(* Let $m\in\mathbb{N}$, let $\mathbb{R}^m$ carry a norm $\|\cdot\|$, and let $\mathcal{Y}\subseteq\mathbb{R}^m$ be bounded. Construct $(\mathfrak{C}_r)_{r\in\mathbb{N}_0}$ as follows. Let $C_0$ be an $m$-simplex with $C_0\supseteq\mathcal{Y}$ and $\mathfrak{C}_0:=\{C_0\}$. For $r=1,2,\ldots$: find a longest edge $E_{\boldsymbol{v},\boldsymbol{w}}$ of $\mathfrak{C}_{r-1}$, where an edge $E_{\boldsymbol{v},\boldsymbol{w}}:=\{\lambda\boldsymbol{v}+(1-\lambda)\boldsymbol{w}:0\le\lambda\le1\}$ is the segment between two extreme points $\boldsymbol{v},\boldsymbol{w}$ of some member of $\mathfrak{C}_{r-1}$; then obtain $\mathfrak{C}_r$ from $\mathfrak{C}_{r-1}$ by replacing every simplex $C\in\mathfrak{C}_{r-1}$ that has $E_{\boldsymbol{v},\boldsymbol{w}}$ as a face by the two simplices $\operatorname{conv}\big((V(C)\setminus\{\boldsymbol{v}\})\cup\{\tfrac{\boldsymbol{v}+\boldsymbol{w}}{2}\}\big)$ and $\operatorname{conv}\big((V(C)\setminus\{\boldsymbol{w}\})\cup\{\tfrac{\boldsymbol{v}+\boldsymbol{w}}{2}\}\big)$. Then $\mathfrak{C}_r$ is a simplicial cover of $\mathcal{Y}$ for every $r\in\mathbb{N}_0$, and $\lim_{r\to\infty}\eta(\mathfrak{C}_r)=0$.
   Context: A convex $C'\subseteq C$ is a face of a convex set $C$ if $\lambda x_1+(1-\lambda)x_2\in C'$ with $0<\lambda<1$, $x_1,x_2\in C$ implies $x_1,x_2\in C'$; extreme points are singleton faces; $V(C)$ is the set of extreme points of $C$. A polyhedral cover of $\mathcal{Y}$ is a finite collection $\mathfrak{C}$ of polyhedra, each with an extreme point, whose union contains $\mathcal{Y}$, such that any two members with non-empty intersection intersect in a face of both; it is bounded if all members are bounded. A simplicial cover of a bounded $\mathcal{Y}\subseteq\mathbb{R}^m$ is a bounded polyhedral cover of $\mathcal{Y}$ all of whose members are $m$-simplices (convex hulls of $m+1$ affinely independent points). The mesh size is $\eta(\mathfrak{C}):=\max_{C\in\mathfrak{C}}\max_{\boldsymbol{v},\boldsymbol{v}'\in V(C)}\|\boldsymbol{v}-\boldsymbol{v}'\|$. *)

theory Defs
  imports "HOL-Analysis.Analysis"
begin

text \<open>An arbitrary norm on a real vector space (R^m carries some norm, not necessarily Euclidean).\<close>
definition is_norm :: "('a::real_vector \<Rightarrow> real) \<Rightarrow> bool" where
  "is_norm N \<longleftrightarrow> (\<forall>x. N x = 0 \<longleftrightarrow> x = 0) \<and> (\<forall>a x. N (a *\<^sub>R x) = \<bar>a\<bar> * N x)
      \<and> (\<forall>x y. N (x + y) \<le> N x + N y)"

definition extreme_points :: "'a::real_vector set \<Rightarrow> 'a set" where
  "extreme_points C = {x. x extreme_point_of C}"

definition polyhedral_cover :: "'a::euclidean_space set \<Rightarrow> 'a set set \<Rightarrow> bool" where
  "polyhedral_cover Y \<CC> \<longleftrightarrow> finite \<CC>
     \<and> (\<forall>C\<in>\<CC>. polyhedron C \<and> (\<exists>x. x extreme_point_of C))
     \<and> Y \<subseteq> \<Union>\<CC>
     \<and> (\<forall>C\<in>\<CC>. \<forall>D\<in>\<CC>. C \<inter> D \<noteq> {} \<longrightarrow> (C \<inter> D) face_of C \<and> (C \<inter> D) face_of D)"

definition bounded_polyhedral_cover :: "'a::euclidean_space set \<Rightarrow> 'a set set \<Rightarrow> bool" where
  "bounded_polyhedral_cover Y \<CC> \<longleftrightarrow> polyhedral_cover Y \<CC> \<and> (\<forall>C\<in>\<CC>. bounded C)"

definition simplicial_cover :: "(real^'m) set \<Rightarrow> (real^'m) set set \<Rightarrow> bool" where
  "simplicial_cover Y \<CC> \<longleftrightarrow> bounded_polyhedral_cover Y \<CC>
     \<and> (\<forall>C\<in>\<CC>. int CARD('m) simplex C)"

definition mesh_size :: "('a::real_vector \<Rightarrow> real) \<Rightarrow> 'a set set \<Rightarrow> real" where
  "mesh_size N \<CC> = Max {N (v - v') | C v v'. C \<in> \<CC> \<and> v \<in> extreme_points C \<and> v' \<in> extreme_points C}"

definition is_edge_of :: "'a::real_vector \<Rightarrow> 'a \<Rightarrow> 'a set set \<Rightarrow> bool" where
  "is_edge_of v w \<CC> \<longleftrightarrow> (\<exists>C\<in>\<CC>. v \<in> extreme_points C \<and> w \<in> extreme_points C)"

text \<open>Longest edge w.r.t. N (length of closed_segment v w is N (v - w)).\<close>
definition is_longest_edge :: "('a::real_vector \<Rightarrow> real) \<Rightarrow> 'a \<Rightarrow> 'a \<Rightarrow> 'a set set \<Rightarrow> bool" where
  "is_longest_edge N v w \<CC> \<longleftrightarrow> is_edge_of v w \<CC>
     \<and> (\<forall>v' w'. is_edge_of v' w' \<CC> \<longrightarrow> N (v' - w') \<le> N (v - w))"

definition bisect :: "'a::real_vector \<Rightarrow> 'a \<Rightarrow> 'a set set \<Rightarrow> 'a set set" where
  "bisect v w \<CC> =
     {C \<in> \<CC>. \<not> closed_segment v w face_of C}
     \<union> (\<Union>C\<in>{C \<in> \<CC>. closed_segment v w face_of C}.
          {convex hull (insert ((1/2) *\<^sub>R (v + w)) (extreme_points C - {v})),
           convex hull (insert ((1/2) *\<^sub>R (v + w)) (extreme_points C - {w}))})"

end

theory Submission
  imports Defs
begin

text \<open>
  Every \<open>\<CC> r\<close> consists of m-simplices any two of which meet in the convex hull of their common
  vertices. This survives a bisection step because, in barycentric coordinates \<open>\<lambda>\<close> with respect
  to the vertices of a simplex, the two halves along the edge from v to w are \<open>{\<lambda> v \<le> \<lambda> w}\<close> and
  \<open>{\<lambda> w \<le> \<lambda> v}\<close>, and uniqueness of barycentric coordinates computes every new intersection.

  The longest edge lengths \<open>l r\<close> decrease: a new edge is either a half of the bisected edge or
  joins its midpoint to a vertex at distance at most \<open>l r\<close> from both ends. Suppose they
  converged to \<open>L > 0\<close>, and let \<open>U\<close> be a late \<open>l R\<close> with \<open>U - L\<close> tiny. For the thresholds
  \<open>t j = U - 2^j (U - L)\<close>, \<open>j \<le> (m + 1)\<^sup>2\<close>, the midpoint inequality shows that the ordered vertex
  pairs of a half at distance at least \<open>t j\<close> inject, missing \<open>(v, w)\<close>, into the pairs of its
  parent at distance at least \<open>t (j + 1)\<close>. Hence the rank \<open>#{j. j < #pairs at level j}\<close> of each
  half is smaller than that of its parent, and the sum of \<open>3 ^ rank\<close> over the triangulation would
  be a strictly decreasing sequence of natural numbers.
\<close>

section \<open>Barycentric coordinates\<close>

definition barycentric :: "'a::real_vector set \<Rightarrow> ('a \<Rightarrow> real) \<Rightarrow> 'a \<Rightarrow> bool" where
  "barycentric S a x \<longleftrightarrow> (\<forall>s\<in>S. 0 \<le> a s) \<and> sum a S = 1 \<and> (\<Sum>s\<in>S. a s *\<^sub>R s) = x"

lemma convex_hull_finite_barycentric:
  "finite S \<Longrightarrow> x \<in> convex hull S \<longleftrightarrow> (\<exists>a. barycentric S a x)"
  by (auto simp: convex_hull_finite barycentric_def)

lemma barycentric_unique:
  fixes S :: "'a::euclidean_space set"
  assumes "\<not> affine_dependent S" "barycentric S a x" "barycentric S b x" "s \<in> S"
  shows "a s = b s"
proof (rule ccontr)
  assume ne: "a s \<noteq> b s"
  have "finite S" using assms(1) aff_independent_finite by blast
  moreover have "sum (\<lambda>s. a s - b s) S = 0" "(\<Sum>s\<in>S. (a s - b s) *\<^sub>R s) = 0"
    using assms(2,3) by (simp_all add: barycentric_def sum_subtractf scaleR_diff_left)
  ultimately have "affine_dependent S"
    using ne assms(4) by (subst affine_dependent_explicit_finite) (auto intro!: exI[of _ "\<lambda>s. a s - b s"])
  then show False using assms(1) by blast
qed

lemma barycentric_mono_neutral:
  assumes "finite S" "T \<subseteq> S" "\<forall>s\<in>S-T. a s = 0"
  shows "barycentric S a x \<longleftrightarrow> barycentric T a x"
proof -
  have "sum a S = sum a T" "(\<Sum>s\<in>S. a s *\<^sub>R s) = (\<Sum>s\<in>T. a s *\<^sub>R s)"
    using assms by (auto intro!: sum.mono_neutral_right)
  then show ?thesis using assms unfolding barycentric_def by auto
qed

lemma convex_hull_subset_barycentric:
  assumes "finite S" "T \<subseteq> S"
  shows "x \<in> convex hull T \<longleftrightarrow> (\<exists>a. barycentric S a x \<and> (\<forall>s\<in>S-T. a s = 0))"
proof
  assume "x \<in> convex hull T"
  then obtain a where a: "barycentric T a x"
    using convex_hull_finite_barycentric assms finite_subset by blast
  define a' where "a' s = (if s \<in> T then a s else 0)" for s
  have "barycentric T a' x"
    using a by (simp add: a'_def barycentric_def cong: sum.cong)
  then have "barycentric S a' x"
    using barycentric_mono_neutral[OF assms] by (simp add: a'_def)
  then show "\<exists>a. barycentric S a x \<and> (\<forall>s\<in>S-T. a s = 0)" by (auto simp: a'_def)
next
  assume "\<exists>a. barycentric S a x \<and> (\<forall>s\<in>S-T. a s = 0)"
  then show "x \<in> convex hull T"
    using barycentric_mono_neutral[OF assms] convex_hull_finite_barycentric assms finite_subset
    by metis
qed

lemma barycentric_insert:
  "finite S \<Longrightarrow> s \<notin> S \<Longrightarrow> barycentric (insert s S) a x \<longleftrightarrow>
     0 \<le> a s \<and> (\<forall>t\<in>S. 0 \<le> a t) \<and> a s + sum a S = 1 \<and> a s *\<^sub>R s + (\<Sum>t\<in>S. a t *\<^sub>R t) = x"
  by (simp add: barycentric_def)

lemma barycentric_to_midpoint:
  assumes S: "finite S" "v \<in> S" "w \<in> S" "midpoint v w \<notin> S"
    and a: "barycentric S a x" "a v \<le> a w"
  shows "barycentric (insert (midpoint v w) (S - {v}))
           (a(midpoint v w := 2 * a v, w := a w - a v)) x"
proof -
  have vw: "v \<noteq> w"
    using S(2,4) by auto
  define m where "m = midpoint v w"
  define R where "R = S - {v, w}"
  have R: "finite R" "v \<notin> R" "w \<notin> R" "m \<notin> R" "m \<noteq> w"
    using S by (auto simp: R_def m_def)
  have SR: "S = insert v (insert w R)" "insert m (S - {v}) = insert m (insert w R)"
    using S by (auto simp: R_def)
  have "(2 * a v) *\<^sub>R m = a v *\<^sub>R v + a v *\<^sub>R w"
    by (simp add: m_def midpoint_def scaleR_add_right)
  moreover have "sum (a(m := 2 * a v, w := a w - a v)) R = sum a R"
    "(\<Sum>s\<in>R. (a(m := 2 * a v, w := a w - a v)) s *\<^sub>R s) = (\<Sum>s\<in>R. a s *\<^sub>R s)"
    using R by (auto intro!: sum.cong)
  ultimately show ?thesis
    using a R vw unfolding m_def[symmetric] SR by (auto simp: barycentric_insert algebra_simps)
qed

lemma barycentric_from_midpoint:
  assumes S: "finite S" "v \<in> S" "w \<in> S" "midpoint v w \<notin> S"
    and b: "barycentric (insert (midpoint v w) (S - {v})) b x"
  shows "barycentric S (b(v := b (midpoint v w) / 2, w := b w + b (midpoint v w) / 2)) x"
proof -
  have vw: "v \<noteq> w"
    using S(2,4) by auto
  define m where "m = midpoint v w"
  define R where "R = S - {v, w}"
  have R: "finite R" "v \<notin> R" "w \<notin> R" "m \<notin> R" "m \<noteq> w"
    using S by (auto simp: R_def m_def)
  have SR: "S = insert v (insert w R)" "insert m (S - {v}) = insert m (insert w R)"
    using S by (auto simp: R_def)
  have "b m *\<^sub>R m = (b m / 2) *\<^sub>R v + (b m / 2) *\<^sub>R w"
    by (simp add: m_def midpoint_def scaleR_add_right)
  moreover have "sum (b(v := b m / 2, w := b w + b m / 2)) R = sum b R"
    "(\<Sum>s\<in>R. (b(v := b m / 2, w := b w + b m / 2)) s *\<^sub>R s) = (\<Sum>s\<in>R. b s *\<^sub>R s)"
    using R by (auto intro!: sum.cong)
  ultimately show ?thesis
    using b R vw unfolding m_def[symmetric] SR by (auto simp: barycentric_insert algebra_simps)
qed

**ASSIGNMENT**
Each line from the beginning of the entries to the line with "theory Defs" must be repeated exactly, with both end lines kept and no other lines given.

**EXERCISE ANSWER**
(* Let $m\in\mathbb{N}$, let $\mathbb{R}^m$ carry a norm $\|\cdot\|$, and let $\mathcal{Y}\subseteq\mathbb{R}^m$ be bounded. Construct $(\mathfrak{C}_r)_{r\in\mathbb{N}_0}$ as follows. Let $C_0$ be an $m$-simplex with $C_0\supseteq\mathcal{Y}$ and $\mathfrak{C}_0:=\{C_0\}$. For $r=1,2,\ldots$: find a longest edge $E_{\boldsymbol{v},\boldsymbol{w}}$ of $\mathfrak{C}_{r-1}$, where an edge $E_{\boldsymbol{v},\boldsymbol{w}}:=\{\lambda\boldsymbol{v}+(1-\lambda)\boldsymbol{w}:0\le\lambda\le1\}$ is the segment between two extreme points $\boldsymbol{v},\boldsymbol{w}$ of some member of $\mathfrak{C}_{r-1}$; then obtain $\mathfrak{C}_r$ from $\mathfrak{C}_{r-1}$ by replacing every simplex $C\in\mathfrak{C}_{r-1}$ that has $E_{\boldsymbol{v},\boldsymbol{w}}$ as a face by the two simplices $\operatorname{conv}\big((V(C)\setminus\{\boldsymbol{v}\})\cup\{\tfrac{\boldsymbol{v}+\boldsymbol{w}}{2}\}\big)$ and $\operatorname{conv}\big((V(C)\setminus\{\boldsymbol{w}\})\cup\{\tfrac{\boldsymbol{v}+\boldsymbol{w}}{2}\}\big)$. Then $\mathfrak{C}_r$ is a simplicial cover of $\mathcal{Y}$ for every $r\in\mathbb{N}_0$, and $\lim_{r\to\infty}\eta(\mathfrak{C}_r)=0$.
   Context: A convex $C'\subseteq C$ is a face of a convex set $C$ if $\lambda x_1+(1-\lambda)x_2\in C'$ with $0<\lambda<1$, $x_1,x_2\in C$ implies $x_1,x_2\in C'$; extreme points are singleton faces; $V(C)$ is the set of extreme points of $C$. A polyhedral cover of $\mathcal{Y}$ is a finite collection $\mathfrak{C}$ of polyhedra, each with an extreme point, whose union contains $\mathcal{Y}$, such that any two members with non-empty intersection intersect in a face of both; it is bounded if all members are bounded. A simplicial cover of a bounded $\mathcal{Y}\subseteq\mathbb{R}^m$ is a bounded polyhedral cover of $\mathcal{Y}$ all of whose members are $m$-simplices (convex hulls of $m+1$ affinely independent points). The mesh size is $\eta(\mathfrak{C}):=\max_{C\in\mathfrak{C}}\max_{\boldsymbol{v},\boldsymbol{v}'\in V(C)}\|\boldsymbol{v}-\boldsymbol{v}'\|$. *)

theory Defs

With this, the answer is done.